Hegel’s system is at first a seemingly steep and high vertical wall. There is, believe it or not, a way to climb this wall even with a starting point from near nothing but a basic understanding of western philosophical history. Grasping the “method” is paramount for this, and while this method is graspable for those who are are already convinced and committed to finding the secret, it’s clear that for anyone else it must appear as either a mystery or a delusional myth considering the language of the text.
If one can grasp dialectics in the act of their development the path to the system opens. However, do not be fooled. Being able to carry out the dialectics is just the beginning. There are layers to Hegel which boggle the mind with how far reaching and how simple many of the implicit elements in the developments are. The greatest insights in Hegel’s philosophy are implicit in the activity of the thought developments and are seen only with reflective recollections on what has already gone on.
Hegel is one of the philosophers which resists reduction. He is perhaps the one that resists such absolutely. Hegel’s philosophy simply cannot be reduced or simplified. The more I learn of the system, the harder it becomes for me to be able to give any acceptable entry summary, for all summaries miss so much by abstracting and making one-sided claims. This one-sidedness, however, is the ineliminable and necessary starting point of all knowledge, and Hegel’s philosophy is no different. When one is asked to tell what Hegel basically aimed at—what ‘x’ part of his system is fundamentally meant to tell us—it seems utterly impossible to give an honest answer that is succinct and true to those who aren’t yet thinking like Hegel. Is the Logic fundamentally about intelligibility? Is it about metaphysics? Is it about an ontology? Is anything in Hegel about any particular aim like prior philosophy? Could there really be a given end, or was Hegel caught in the grasp of the absolute method—the dutiful agent of speculative thought that resists static conception nor definition? Hegel, it seems, can only be said to have aimed at one thing: The Absolute. Everything that could be found in the eternal and infinite reaches of ever-shifting thought’s grasp.

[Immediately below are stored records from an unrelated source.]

(* For every finite multiset $\Gamma$ and formulas $\varphi,\psi,\delta,\chi$: if $\Gamma,(\varphi\to\psi)\to\delta\Rightarrow\chi$ is provable in $\mathsf{G4iSLt}$, then $\Gamma,\varphi,\psi\to\delta,\psi\to\delta\Rightarrow\chi$ is provable in $\mathsf{G4iSLt}$.
   Context: Formulas are built by the grammar $\varphi ::= p \mid \bot \mid \varphi\land\varphi \mid \varphi\lor\varphi \mid \varphi\to\varphi \mid \Box\varphi$, with $p$ ranging over a countably infinite set of propositional variables. For a multiset $\Gamma$, $\Box\Gamma=\{\Box\psi:\psi\in\Gamma\}$; a boxed formula is one of the form $\Box\psi$. A sequent is $\Gamma\Rightarrow\chi$ with $\Gamma$ a finite multiset of formulas and $\chi$ a formula. The sequent calculus $\mathsf{G4iSLt}$ has the following rules, where $p$ is a propositional variable and $\Phi$ always denotes a multiset containing no boxed formula: (⊥L) $\bot,\Gamma\Rightarrow\chi$ (no premise); (IdP) $\Gamma,p\Rightarrow p$ (no premise); (∧L) from $\Gamma,\varphi,\psi\Rightarrow\chi$ infer $\Gamma,\varphi\land\psi\Rightarrow\chi$; (∧R) from $\Gamma\Rightarrow\varphi$ and $\Gamma\Rightarrow\psi$ infer $\Gamma\Rightarrow\varphi\land\psi$; (∨L) from $\Gamma,\varphi\Rightarrow\chi$ and $\Gamma,\psi\Rightarrow\chi$ infer $\Gamma,\varphi\lor\psi\Rightarrow\chi$; (∨R$_i$), $i\in\{1,2\}$: from $\Gamma\Rightarrow\varphi_i$ infer $\Gamma\Rightarrow\varphi_1\lor\varphi_2$; (p→L) from $\Gamma,p,\varphi\Rightarrow\chi$ infer $\Gamma,p,p\to\varphi\Rightarrow\chi$; (→R) from $\Gamma,\varphi\Rightarrow\psi$ infer $\Gamma\Rightarrow\varphi\to\psi$; (□→L) from $\Phi,\Gamma,\psi,\Box\varphi\Rightarrow\varphi$ and $\Phi,\Box\Gamma,\psi\Rightarrow\chi$ infer $\Phi,\Box\Gamma,\Box\varphi\to\psi\Rightarrow\chi$; (SLtR) from $\Phi,\Gamma,\Box\varphi\Rightarrow\varphi$ infer $\Phi,\Box\Gamma\Rightarrow\Box\varphi$; (∧→L) from $\Gamma,\varphi\to(\psi\to\chi)\Rightarrow\delta$ infer $\Gamma,(\varphi\land\psi)\to\chi\Rightarrow\delta$; (∨→L) from $\Gamma,\varphi\to\chi,\psi\to\chi\Rightarrow\delta$ infer $\Gamma,(\varphi\lor\psi)\to\chi\Rightarrow\delta$; (→→L) from $\Gamma,\psi\to\chi\Rightarrow\varphi\to\psi$ and $\Gamma,\chi\Rightarrow\delta$ infer $\Gamma,(\varphi\to\psi)\to\chi\Rightarrow\delta$. A proof of a sequent $S$ is a finite tree of sequents with root $S$ in which each interior node together with its children forms an instance of a rule (conclusion, premises) and each leaf is the conclusion of a premise-free rule; $S$ is provable if it has a proof. *)

theory Defs
  imports Main "HOL-Library.Multiset"
begin

datatype form =
    Var nat
  | Bot
  | And form form
  | Or form form
  | Imp form form
  | Box form

definition is_boxed :: "form \<Rightarrow> bool" where
  "is_boxed f \<longleftrightarrow> (\<exists>g. f = Box g)"

definition box_free :: "form multiset \<Rightarrow> bool" where
  "box_free \<Phi> \<longleftrightarrow> (\<forall>f \<in># \<Phi>. \<not> is_boxed f)"

abbreviation boxms :: "form multiset \<Rightarrow> form multiset" where
  "boxms \<Gamma> \<equiv> image_mset Box \<Gamma>"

There is, for me, a beauty in the philosophy of Hegel precisely in his commitment to method and the profoundness of content. To this end, these are my humble attempts at making a few significant footholds for others to grasp onto and begin climbing from in order to scale the wall that is the system of Absolute Idealism. The system is something unique and unlike any other precisely because of its method as its origin.